Where Pith is reading between the lines
- If validated, the method could be adapted for feedback in other technical courses with similar exercise formats.
- Long-term use might reveal whether repeated AI feedback strengthens or weakens students' independent problem-solving skills.
- Hybrid models combining AI for routine checks with human review for complex cases could emerge as a practical extension.
Load-bearing premise
The LLM outputs from the specialized prompt templates will be accurate enough, unbiased, and pedagogically appropriate to serve as reliable feedback without misleading students or introducing systematic errors.
What would settle it
Observing that students relying on NAILA feedback achieve lower exam scores or exhibit more misconceptions in their work than those receiving equivalent human feedback would falsify the tool's value as a substitute or supplement.
Figures
read the original abstract
Introductory Software Engineering (SE) courses face rapidly increasing student enrollment numbers, participants with diverse backgrounds and the influence of Generative AI (GenAI) solutions. High teacher-to-student ratios often challenge providing timely, high-quality, and personalized feedback a significant challenge for educators. To address these challenges, we introduce NAILA, a tool that provides 24/7 autonomous feedback for student exercises. Utilizing GenAI in the form of modern LLMs, NAILA processes student solutions provided in open document formats, evaluating them against teacher-defined model solutions through specialized prompt templates. We conducted an empirical study involving 900+ active students at the University of Duisburg-Essen to assess four main research questions investigating (1) the underlying motivations that drive students to either adopt or reject NAILA, (2) user acceptance by measuring perceived usefulness and ease of use alongside subjective learning progress, (3) how often and how consistently students engage with NAILA, and (4) how using NAILA to receive AI feedback impacts on academic performance compared to human feedback.
Editorial analysis
A structured set of objections, weighed in public.
Referee Report
Summary. The paper introduces NAILA, a tool that uses LLMs to deliver 24/7 autonomous feedback on student exercises in introductory software engineering courses. Student submissions in open document formats are evaluated against teacher-defined model solutions via specialized prompt templates. The authors describe an empirical study with 900+ active students at the University of Duisburg-Essen designed to address four research questions on adoption motivations, user acceptance (usefulness, ease of use, perceived learning progress), engagement frequency/consistency, and academic performance effects relative to human feedback.

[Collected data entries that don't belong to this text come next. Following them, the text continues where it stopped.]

lemma HH_grp_finprod_sign_apply:
  assumes B: "module K B" and N: "module K N" and I: "finite I"
    and g: "\<And>i. i \<in> I \<Longrightarrow> g i \<in> HH K B N q" and xs: "valid_args B q xs"
  shows "finprod (HH_grp K B N q) (\<lambda>i. grp_sign (HH_grp K B N q) i (g i)) I xs =
    (\<Oplus>\<^bsub>N\<^esub>i\<in>I. mod_sign N i (g i xs))"
proof -
  interpret H: comm_group "HH_grp K B N q" using HH_grp_comm_group[OF B N] .
  have signed: "hh_comp B q (mod_sign N i) (g i) \<in> HH K B N q" if "i \<in> I" for i
    by (rule HH_hh_comp[OF B N N k_linear_mod_sign[OF N] g[OF that]])
  have "finprod (HH_grp K B N q) (\<lambda>i. grp_sign (HH_grp K B N q) i (g i)) I =
      finprod (HH_grp K B N q) (\<lambda>i. hh_comp B q (mod_sign N i) (g i)) I"
    by (intro H.finprod_cong') (simp_all add: HH_grp_sign[OF B N] g signed)
  also have "\<dots> = (\<lambda>xs. if valid_args B q xs then \<Oplus>\<^bsub>N\<^esub>i\<in>I. hh_comp B q (mod_sign N i) (g i) xs else undefined)"
    by (rule HH_grp_finprod[OF B N I]) (use signed in auto)
  finally show ?thesis
    using xs by (simp add: hh_comp_def)
qed

section \<open>Strings and their reversal\<close>

lemma category_Dom_Ob: "category C \<Longrightarrow> f \<in> Ar C \<Longrightarrow> Dom C f \<in> Ob C"
  and category_Cod_Ob: "category C \<Longrightarrow> f \<in> Ar C \<Longrightarrow> Cod C f \<in> Ob C"
  unfolding category_def by auto

lemma category_Cmp:
  "category C \<Longrightarrow> f \<in> Ar C \<Longrightarrow> g \<in> Ar C \<Longrightarrow> Cod C f = Dom C g \<Longrightarrow>
   Cmp C g f \<in> Ar C \<and> Dom C (Cmp C g f) = Dom C f \<and> Cod C (Cmp C g f) = Cod C g"
  unfolding category_def by auto

lemma category_Idm:
  "category C \<Longrightarrow> c \<in> Ob C \<Longrightarrow> Idm C c \<in> Ar C \<and> Dom C (Idm C c) = c \<and> Cod C (Idm C c) = c"
  unfolding category_def by auto

definition bw_source :: "('o, 'm) cat \<Rightarrow> 'o \<Rightarrow> 'm list \<Rightarrow> 'o" where
  "bw_source C d fs = (if fs = [] then d else Dom C (last fs))"

lemma bw_strings_conv:
  "(d, fs) \<in> bw_strings C n \<longleftrightarrow> d \<in> Ob C \<and> length fs = n \<and> set fs \<subseteq> Ar C \<and>
     (fs \<noteq> [] \<longrightarrow> Cod C (hd fs) = d) \<and> successively (\<lambda>f g. Dom C f = Cod C g) fs"
  by (auto simp: bw_strings_def successively_conv_nth)

(* The adjacency condition is oriented so that successively_rev turns it into the one of
   bw_strings_conv. *)
lemma gs_strings_conv:
  "(c, gs) \<in> gs_strings C n \<longleftrightarrow> c \<in> Ob C \<and> length gs = n \<and> set gs \<subseteq> Ar C \<and>
     (gs \<noteq> [] \<longrightarrow> Dom C (hd gs) = c) \<and> successively (\<lambda>g h. Dom C h = Cod C g) gs"
  by (auto simp: gs_strings_def successively_conv_nth)

lemma bw_strings_Cons:
  assumes "category C"
  shows "(d, f # fs) \<in> bw_strings C (Suc n) \<longleftrightarrow> f \<in> Ar C \<and> Cod C f = d \<and> (Dom C f, fs) \<in> bw_strings C n"
  using category_Cod_Ob[OF assms] category_Dom_Ob[OF assms]
  by (auto simp: bw_strings_conv successively_Cons)
lemma exists_norm_Re_mult_eq_0_nonpos:
  assumes "r \<ge> 0"
  shows "\<exists>c. cmod c = r \<and> Re (c * z) = 0 \<and> Re (c * y) \<le> 0"
proof -
  obtain u where u: "cmod u = 1" "Re (u * z) = 0"
    using exists_unit_Re_mult_eq_0 by blast
  show ?thesis
  proof (cases "Re (u * y) \<le> 0")
    case True
    with u assms show ?thesis
      by (intro exI[of _ "complex_of_real r * u"]) (simp add: norm_mult mult.assoc mult_nonneg_nonpos)
  next
    case False
    with u assms show ?thesis
      by (intro exI[of _ "- complex_of_real r * u"]) (simp add: norm_mult mult.assoc)
  qed
qed

lemma exists_norm_Re_mult_neg:
  assumes "r > 0" "y \<noteq> 0"
  shows "\<exists>c. cmod c = r \<and> Re (c * y) < 0"
proof -
  define c where "c = - complex_of_real r * cnj y / complex_of_real (cmod y)"
  have "c * y = - complex_of_real (r * cmod y)"
    using assms(2) by (simp add: c_def field_simps complex_norm_square[symmetric] power2_eq_square)
  with assms show ?thesis
    by (intro exI[of _ c]) (simp add: c_def norm_divide norm_mult)
qed

lemma exists_phased_amplitudes:
  fixes z y :: "'a \<Rightarrow> complex"
  assumes "\<forall>b\<in>T. 0 \<le> q b" "a \<in> T" "q a > 0" "z a = 0" "y a \<noteq> 0"
  obtains c where "\<forall>b\<in>T. cmod (c b) = sqrt (q b) \<and> Re (c b * z b) = 0 \<and> Re (c b * y b) \<le> 0"
    "Re (c a * y a) < 0"
proof -
  have "\<exists>c. cmod c = sqrt (q b) \<and> Re (c * z b) = 0 \<and> Re (c * y b) \<le> 0
      \<and> (b = a \<longrightarrow> Re (c * y b) < 0)" if "b \<in> T" for b
  proof (cases "b = a")
    case True
    then show ?thesis
      using assms(3-5) exists_norm_Re_mult_neg[of "sqrt (q a)" "y a"] by (auto simp: less_imp_le)
  next
    case False
    then show ?thesis
      using that assms(1) exists_norm_Re_mult_eq_0_nonpos[of "sqrt (q b)"] by simp
  qed
  then obtain c where "\<forall>b\<in>T. cmod (c b) = sqrt (q b) \<and> Re (c b * z b) = 0 \<and> Re (c b * y b) \<le> 0
      \<and> (b = a \<longrightarrow> Re (c b * y b) < 0)"
    by metis
  with assms(2) that show ?thesis
    by blast
qed

lemma rel_interior_convex_hull_positive_combination:
  fixes rho :: "'a::euclidean_space"
  assumes "rho \<in> rel_interior (convex hull A)" "a \<in> A"
  obtains T q where "finite T" "T \<subseteq> A" "a \<in> T" "\<forall>b\<in>T. 0 \<le> q b" "q a > 0" "sum q T = 1"
    "(\<Sum>b\<in>T. q b *\<^sub>R b) = rho"
proof -
  obtain e where e: "e > 1" "(1 - e) *\<^sub>R a + e *\<^sub>R rho \<in> convex hull A"
    using assms convex_rel_interior_iff[OF convex_convex_hull, of A] by (metis empty_iff hull_inc)
  then obtain S u where S: "finite S" "S \<subseteq> A" "\<forall>x\<in>S. 0 \<le> u x" "sum u S = 1"
    and u: "(\<Sum>x\<in>S. u x *\<^sub>R x) = (1 - e) *\<^sub>R a + e *\<^sub>R rho"
    unfolding convex_hull_explicit by blast
  define T where "T = insert a S"
  \<comment> \<open>\<open>rho = (1/e) p + (1 - 1/e) a\<close> with \<open>p = \<Sum>x\<in>S. u x *\<^sub>R x\<close> in the hull\<close>
  define q where "q b = (if b \<in> S then u b / e else 0) + (if b = a then 1 - 1 / e else 0)" for b
  have T: "finite T" "a \<in> T"
    using S by (simp_all add: T_def)
  have restrict: "(\<Sum>b\<in>T. if b \<in> S then f b else 0) = sum f S" for f :: "'a \<Rightarrow> 'c::comm_monoid_add"
    by (metis T_def T(1) Int_absorb1 subset_insertI sum.inter_restrict)
  have "sum q T = sum u S / e + (1 - 1 / e)"
    using T restrict[of "\<lambda>b. u b / e"] by (simp add: q_def sum.distrib sum_divide_distrib)
  moreover have "(\<Sum>b\<in>T. q b *\<^sub>R b) = (1 / e) *\<^sub>R (\<Sum>x\<in>S. u x *\<^sub>R x) + (1 - 1 / e) *\<^sub>R a"
    using T restrict[of "\<lambda>b. (u b / e) *\<^sub>R b"]
    by (simp add: q_def scaleR_add_left sum.distrib if_distrib[of "\<lambda>t. t *\<^sub>R _"] scaleR_sum_right
        cong: if_cong)
  moreover have "0 < 1 - 1 / e"
    using e(1) by simp
  then have "\<forall>b\<in>T. 0 \<le> q b" "q a > 0"
    using S(3) e(1) by (auto simp: q_def T_def intro!: add_nonneg_pos)
  ultimately show ?thesis
    using that[of T q] T S(1,2) assms(2) e(1) by (simp add: T_def S(4) u algebra_simps)
qed

lemma exists_circle_point_below:
  fixes E F C :: real
  assumes "C < 0"
  shows "\<exists>a b. a\<^sup>2 + b\<^sup>2 = 1 \<and> a\<^sup>2 * E + b\<^sup>2 * F + 2 * a * b * C < E"
proof -
  define D where "D = \<bar>F - E\<bar>"
  define b where "b = min (1 / 2) (- C / (2 * (D + 1)))"
  define a where "a = sqrt (1 - b\<^sup>2)"
  have D: "D \<ge> 0"
    by (simp add: D_def)
  have "- C / (2 * (D + 1)) > 0"
    using assms D by (intro divide_pos_pos) simp_all
  then have b: "0 < b" "b \<le> 1 / 2"
    unfolding b_def by (simp_all only: min_less_iff_conj min.cobounded1) simp
  have bD: "b * D \<le> - C / 2"
  proof -
    have "b * D \<le> - C / (2 * (D + 1)) * D"
      using D by (intro mult_right_mono) (simp_all add: b_def)
    also have "\<dots> \<le> - C / 2"
      using D assms by (simp add: field_simps)
    finally show ?thesis .
  qed
  have "b\<^sup>2 \<le> 1 / 4"
    using power_mono[OF b(2), of 2] b(1) by (simp add: power2_eq_square)
  then have a2: "a\<^sup>2 = 1 - b\<^sup>2" and a: "a \<ge> 1 / 2"
    unfolding a_def by (simp, intro real_le_rsqrt) (simp add: power2_eq_square)
  have "b\<^sup>2 * (F - E) \<le> b * (b * D)"
    using b(1) by (simp add: D_def power2_eq_square)
  also have "\<dots> \<le> b * (- C / 2)"
    using bD b(1) by (intro mult_left_mono) simp_all
  finally have "b\<^sup>2 * (F - E) \<le> b * (- C / 2)" .
  moreover have "(2 * a) * (b * C) \<le> 1 * (b * C)"
    using a b(1) assms by (intro mult_right_mono_neg) (simp_all add: mult_pos_neg less_imp_le)
  ultimately have "a\<^sup>2 * E + b\<^sup>2 * F + 2 * a * b * C \<le> E + b * C / 2"
    by (simp add: a2 algebra_simps)
  also have "\<dots> < E"
    using b(1) assms by (simp add: mult_pos_neg)
  finally show ?thesis
    using a2 by (intro exI[of _ a] exI[of _ b]) simp
qed

lemma weight_superposition:
  fixes iota :: "'v::euclidean_space \<Rightarrow> complex^'n^'n" and c :: "'v \<Rightarrow> complex"
  assumes "finite T" "orthonormal_on T w" "\<forall>b\<in>T. weight_vector iota b (w b)"
  defines "\<eta> \<equiv> \<Sum>b\<in>T. c b *s w b"
  shows "braket \<eta> \<eta> = (\<Sum>b\<in>T. complex_of_real ((cmod (c b))\<^sup>2))"
    and "braket \<eta> (iota v *v \<eta>) = (\<Sum>b\<in>T. complex_of_real ((cmod (c b))\<^sup>2 * (b \<bullet> v)))"
    and "braket x (iota v *v \<eta>) = (\<Sum>b\<in>T. c b * complex_of_real (b \<bullet> v) * braket x (w b))"
proof -
  have iota_\<eta>: "iota v *v \<eta> = (\<Sum>b\<in>T. (c b * complex_of_real (b \<bullet> v)) *s w b)"
    unfolding \<eta>_def using assms(1,3) by (intro matrix_vector_mult_eigen_sum) (auto simp: weight_vector_def)
  have norm_sq: "cnj (c b) * c b = complex_of_real ((cmod (c b))\<^sup>2)" for b
    by (metis complex_norm_square mult.commute of_real_power)
  show "braket \<eta> \<eta> = (\<Sum>b\<in>T. complex_of_real ((cmod (c b))\<^sup>2))"
    using braket_orthonormal_sum[OF assms(1,2), of c c] by (simp add: \<eta>_def norm_sq)
  have "braket \<eta> (iota v *v \<eta>) = (\<Sum>b\<in>T. cnj (c b) * (c b * complex_of_real (b \<bullet> v)))"
    unfolding iota_\<eta> unfolding \<eta>_def by (rule braket_orthonormal_sum[OF assms(1,2)])
  then show "braket \<eta> (iota v *v \<eta>) = (\<Sum>b\<in>T. complex_of_real ((cmod (c b))\<^sup>2 * (b \<bullet> v)))"
    by (simp add: norm_sq flip: mult.assoc)
  show "braket x (iota v *v \<eta>) = (\<Sum>b\<in>T. c b * complex_of_real (b \<bullet> v) * braket x (w b))"
    by (simp add: iota_\<eta> braket_sum_right braket_scale_right)
qed

lemma phased_weight_superposition:
  fixes iota :: "'v::euclidean_space \<Rightarrow> complex^'n^'n" and c :: "'v \<Rightarrow> complex"
  assumes T: "finite T" "a \<in> T"
    and w: "orthonormal_on T w" "\<forall>b\<in>T. weight_vector iota b (w b)"
    and q: "\<forall>b\<in>T. 0 \<le> q b" "sum q T = 1" "(\<Sum>b\<in>T. q b *\<^sub>R b) = rho"
    and c: "\<forall>b\<in>T. cmod (c b) = sqrt (q b) \<and> Re (c b * braket \<Phi> (w b)) = 0
      \<and> Re (c b * braket \<Phi> (W *v w b)) \<le> 0" "Re (c a * braket \<Phi> (W *v w a)) < 0"
  defines "\<eta> \<equiv> \<Sum>b\<in>T. c b *s w b"
  shows "norm \<eta> = 1" "Re (braket \<Phi> \<eta>) = 0" "Re (braket \<eta> (iota v *v \<eta>)) = rho \<bullet> v"
    "Re (braket \<Phi> (iota v *v \<eta>)) = 0" "Re (braket \<Phi> (W *v \<eta>)) < 0"
proof -
  have cq: "(cmod (c b))\<^sup>2 = q b" if "b \<in> T" for b
    using c(1) q(1) that by simp
  note \<eta> = weight_superposition[OF T(1) w, where c = c, folded \<eta>_def]
  have "complex_of_real ((norm \<eta>)\<^sup>2) = complex_of_real (sum q T)"
    using \<eta>(1) cq by (simp add: braket_self)
  then have "(norm \<eta>)\<^sup>2 = 1"
    using q(2) by (simp only: of_real_eq_iff)
  then show "norm \<eta> = 1"
    using norm_ge_zero[of \<eta>] by (auto simp: power2_eq_1_iff)
  show "Re (braket \<Phi> \<eta>) = 0"
    using c(1) by (simp add: \<eta>_def braket_sum_right braket_scale_right)
  show "Re (braket \<eta> (iota v *v \<eta>)) = rho \<bullet> v"
    using \<eta>(2) cq by (simp add: inner_sum_left flip: q(3))
  have "Re (braket \<Phi> (iota v *v \<eta>)) = (\<Sum>b\<in>T. (b \<bullet> v) * Re (c b * braket \<Phi> (w b)))"
    unfolding \<eta>(3) Re_sum by (intro sum.cong refl) (simp add: algebra_simps)
  also have "\<dots> = 0"
    using c(1) by simp
  finally show "Re (braket \<Phi> (iota v *v \<eta>)) = 0" .
  have "Re (braket \<Phi> (W *v \<eta>)) = (\<Sum>b\<in>T. Re (c b * braket \<Phi> (W *v w b)))"
    by (simp add: \<eta>_def matrix_vector_mult_sum[OF T(1)] vector_scalar_commute braket_sum_right
        braket_scale_right)
  also have "\<dots> = Re (c a * braket \<Phi> (W *v w a)) + (\<Sum>b\<in>T - {a}. Re (c b * braket \<Phi> (W *v w b)))"
    by (rule sum.remove[OF T])
  also have "\<dots> < 0"
    using c by (intro add_neg_nonpos sum_nonpos) auto
  finally show "Re (braket \<Phi> (W *v \<eta>)) < 0" .
qed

Significance. If the missing empirical results were supplied and demonstrated reliable, unbiased feedback that improves engagement or performance without systematic errors, the work could meaningfully address scalability challenges in large-enrollment SE courses by showing how GenAI can supplement human feedback. The tool architecture and study design are clearly motivated by real enrollment pressures and GenAI availability, but the absence of any data, analyses, or findings on the four RQs prevents assessment of actual impact or pedagogical value.
major comments (2)
- [Abstract] Abstract and introduction: The manuscript states that an empirical study with 900+ students was conducted to assess the four research questions on motivations, acceptance, engagement, and performance impact, yet no results section, tables, figures, statistical comparisons, or qualitative findings are present. This is load-bearing because the central claim is that the study evaluates NAILA's effects versus human feedback; without the outcomes the assessment cannot be evaluated.
- [Introduction / Tool Architecture] Study design description: The weakest assumption—that LLM outputs from the specialized prompt templates will be accurate, unbiased, and pedagogically valuable enough to serve as feedback—is not tested or bounded in the reported material. No error analysis, inter-rater agreement with human graders, or failure-case examples are supplied to support the claim that the tool can be deployed without misleading students.
minor comments (1)
- [Tool Description] Notation for the prompt templates and document processing pipeline could be clarified with a diagram or pseudocode to make the architecture reproducible.
Simulated Author's Rebuttal
We thank the referee for the constructive and detailed comments on our manuscript. The points raised correctly identify gaps in the current version, and we will revise the paper to address them fully.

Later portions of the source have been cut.